* What is needed *
Repeat, please, only the lines from the top of the data down to the line with "(V i) = distr"; include both of those lines.

▼

theorem lemma12:
  fixes M :: "'a measure" and V :: "nat \<Rightarrow> 'a \<Rightarrow> 'b::euclidean_space"
    and n :: nat and H \<delta> :: real
  assumes "prob_space M"
    and rv: "\<And>i. i \<in> {1..n} \<Longrightarrow> V i \<in> borel_measurable M"
    and indep: "prob_space.indep_vars M (\<lambda>_. borel) V {1..n}"
    and ident: "\<And>i. i \<in> {1..n} \<Longrightarrow> distr M borel (V i) = distr M borel (V 1)"
    and n: "n \<ge> 1"
    and H: "H > 0"
    and bound: "\<And>i. i \<in> {1..n} \<Longrightarrow>
                  (AE \<omega> in M. norm (V i \<omega> - integral\<^sup>L M (V i)) \<le> H)"
    and \<delta>: "0 < \<delta>" "\<delta> < 1"
  shows "measure M {\<omega> \<in> space M.
            (\<Sum>i\<in>{1..n}. (norm (V i \<omega> - integral\<^sup>L M (V 1)))\<^sup>2)
            \<le> (\<Sum>i\<in>{1..n}. (norm (V i \<omega> - (1 / real n) *\<^sub>R (\<Sum>j\<in>{1..n}. V j \<omega>)))\<^sup>2)
               + 2 * H\<^sup>2 * ln (2 / \<delta>)} \<ge> 1 - \<delta>"
proof -
  interpret prob_space M by fact
  have mean: "integral\<^sup>L M (V i) = integral\<^sup>L M (V 1)" if i: "i \<in> {1..n}" for i
  proof -
    have "integral\<^sup>L M (V i) = integral\<^sup>L (distr M borel (V i)) (\<lambda>x. x)"
      using rv[OF i] by (simp add: integral_distr)
    also have "\<dots> = integral\<^sup>L M (V 1)"
      using ident[OF i] rv[of 1] n by (simp add: integral_distr)
    finally show ?thesis .
  qed
  have bounded: "AE \<omega> in M. norm (V i \<omega> - integral\<^sup>L M (V 1)) \<le> H" if "i \<in> {1..n}" for i
    using bound[OF that] mean[OF that] by simp
  have "1 - \<delta> \<le> prob {\<omega> \<in> space M.
      (\<Sum>i\<in>{1..n}. (norm (V i \<omega> - integral\<^sup>L M (V 1)))\<^sup>2)
      \<le> (\<Sum>i\<in>{1..n}. (norm (V i \<omega> - (1 / real (card {1..n})) *\<^sub>R (\<Sum>j\<in>{1..n}. V j \<omega>)))\<^sup>2)
         + 2 * H\<^sup>2 * ln (2 / \<delta>)}"
    using n by (intro prob_sum_power2_norm_diff_mean_le[OF _ _ indep bounded mean H \<delta>]) auto
  then show ?thesis
    by simp
qed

▲

* Answer below *
theorem lemma12:
  fixes M :: "'a measure" and V :: "nat \<Rightarrow> 'a \<Rightarrow> 'b::euclidean_space"
    and n :: nat and H \<delta> :: real
  assumes "prob_space M"
    and rv: "\<And>i. i \<in> {1..n} \<Longrightarrow> V i \<in> borel_measurable M"
    and indep: "prob_space.indep_vars M (\<lambda>_. borel) V {1..n}"
    and ident: "\<And>i. i \<in> {1..n} \<Longrightarrow> distr M borel (V i) = distr M borel (V 1)"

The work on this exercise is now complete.